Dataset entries
[Start of Attachment]

(* Let $\theta^*\in\mathbb{R}^{n\times n}$ be given by $\theta^*_{ij}=1$ if $j>n/2$ and $0$ otherwise, and let $V^* = \mathrm{TV}(\theta^* )$. There is a universal constant $c>0$ such that $$\mathrm{GW}\big(T_{K(V^* )}(\theta^* )\cap B_{n,n}(1)\big) \geq c\,n^{1/4}.$$
   Context: $\mathrm{TV}(\theta)$ is the unnormalized total variation of $\theta$ (sum of absolute differences over horizontally/vertically adjacent entries), $K(V) = \{\theta\in\mathbb{R}^{n\times n}: \mathrm{TV}(\theta)\le V\}$, and $T_{K(V^* )}(\theta^* ) = \mathrm{Closure}(\mathrm{Cone}(\{\theta:\theta^*+\theta\in K(V^* )\}))$ is the tangent cone ($\mathrm{Cone}(S)$ the smallest cone containing $S$). $B_{n,n}(1)$ is the unit Frobenius ball in $\mathbb{R}^{n\times n}$. $\mathrm{GW}(A) = \mathbb{E}\sup_{v\in A}\langle Z,v\rangle$ with $Z$ having i.i.d. standard normal entries. *)

theory Defs
  imports "HOL-Probability.Probability"
begin

text \<open>n x n real matrices are represented as functions nat \<Rightarrow> nat \<Rightarrow> real,
  with rows/columns indexed by 0..n-1; entries outside the index range are required to be 0.\<close>

definition mats :: "nat \<Rightarrow> (nat \<Rightarrow> nat \<Rightarrow> real) set" where
  "mats n = {\<theta>. \<forall>i j. \<not> (i < n \<and> j < n) \<longrightarrow> \<theta> i j = 0}"

definition TV :: "nat \<Rightarrow> (nat \<Rightarrow> nat \<Rightarrow> real) \<Rightarrow> real" where
  "TV n \<theta> = (\<Sum>i<n. \<Sum>j<n - 1. \<bar>\<theta> i (j+1) - \<theta> i j\<bar>)
           + (\<Sum>i<n - 1. \<Sum>j<n. \<bar>\<theta> (i+1) j - \<theta> i j\<bar>)"

definition K :: "nat \<Rightarrow> real \<Rightarrow> (nat \<Rightarrow> nat \<Rightarrow> real) set" where
  "K n V = {\<theta> \<in> mats n. TV n \<theta> \<le> V}"

definition frob :: "nat \<Rightarrow> (nat \<Rightarrow> nat \<Rightarrow> real) \<Rightarrow> real" where
  "frob n \<theta> = sqrt (\<Sum>i<n. \<Sum>j<n. (\<theta> i j)\<^sup>2)"

definition cone_gen :: "(nat \<Rightarrow> nat \<Rightarrow> real) set \<Rightarrow> (nat \<Rightarrow> nat \<Rightarrow> real) set" where
  "cone_gen S = {(\<lambda>i j. t * s i j) | t s. t \<ge> 0 \<and> s \<in> S}"

definition mclosure :: "nat \<Rightarrow> (nat \<Rightarrow> nat \<Rightarrow> real) set \<Rightarrow> (nat \<Rightarrow> nat \<Rightarrow> real) set" where
  "mclosure n S = {\<theta> \<in> mats n. \<forall>\<epsilon>>0. \<exists>\<phi>\<in>S. frob n (\<lambda>i j. \<theta> i j - \<phi> i j) < \<epsilon>}"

[End of Attachment]

Task goal :: Every record above is to be restated exactly as it reads.

Answer to the exercise ::
(* Let $\theta^*\in\mathbb{R}^{n\times n}$ be given by $\theta^*_{ij}=1$ if $j>n/2$ and $0$ otherwise, and let $V^* = \mathrm{TV}(\theta^* )$. There is a universal constant $c>0$ such that $$\mathrm{GW}\big(T_{K(V^* )}(\theta^* )\cap B_{n,n}(1)\big) \geq c\,n^{1/4}.$$
   Context: $\mathrm{TV}(\theta)$ is the unnormalized total variation of $\theta$ (sum of absolute differences over horizontally/vertically adjacent entries), $K(V) = \{\theta\in\mathbb{R}^{n\times n}: \mathrm{TV}(\theta)\le V\}$, and $T_{K(V^* )}(\theta^* ) = \mathrm{Closure}(\mathrm{Cone}(\{\theta:\theta^*+\theta\in K(V^* )\}))$ is the tangent cone ($\mathrm{Cone}(S)$ the smallest cone containing $S$). $B_{n,n}(1)$ is the unit Frobenius ball in $\mathbb{R}^{n\times n}$. $\mathrm{GW}(A) = \mathbb{E}\sup_{v\in A}\langle Z,v\rangle$ with $Z$ having i.i.d. standard normal entries. *)

theory Defs
  imports "HOL-Probability.Probability"
begin

text \<open>n x n real matrices are represented as functions nat \<Rightarrow> nat \<Rightarrow> real,
  with rows/columns indexed by 0..n-1; entries outside the index range are required to be 0.\<close>

definition mats :: "nat \<Rightarrow> (nat \<Rightarrow> nat \<Rightarrow> real) set" where
  "mats n = {\<theta>. \<forall>i j. \<not> (i < n \<and> j < n) \<longrightarrow> \<theta> i j = 0}"

definition TV :: "nat \<Rightarrow> (nat \<Rightarrow> nat \<Rightarrow> real) \<Rightarrow> real" where
  "TV n \<theta> = (\<Sum>i<n. \<Sum>j<n - 1. \<bar>\<theta> i (j+1) - \<theta> i j\<bar>)
           + (\<Sum>i<n - 1. \<Sum>j<n. \<bar>\<theta> (i+1) j - \<theta> i j\<bar>)"

definition K :: "nat \<Rightarrow> real \<Rightarrow> (nat \<Rightarrow> nat \<Rightarrow> real) set" where
  "K n V = {\<theta> \<in> mats n. TV n \<theta> \<le> V}"

definition frob :: "nat \<Rightarrow> (nat \<Rightarrow> nat \<Rightarrow> real) \<Rightarrow> real" where
  "frob n \<theta> = sqrt (\<Sum>i<n. \<Sum>j<n. (\<theta> i j)\<^sup>2)"

definition cone_gen :: "(nat \<Rightarrow> nat \<Rightarrow> real) set \<Rightarrow> (nat \<Rightarrow> nat \<Rightarrow> real) set" where
  "cone_gen S = {(\<lambda>i j. t * s i j) | t s. t \<ge> 0 \<and> s \<in> S}"

definition mclosure :: "nat \<Rightarrow> (nat \<Rightarrow> nat \<Rightarrow> real) set \<Rightarrow> (nat \<Rightarrow> nat \<Rightarrow> real) set" where
  "mclosure n S = {\<theta> \<in> mats n. \<forall>\<epsilon>>0. \<exists>\<phi>\<in>S. frob n (\<lambda>i j. \<theta> i j - \<phi> i j) < \<epsilon>}"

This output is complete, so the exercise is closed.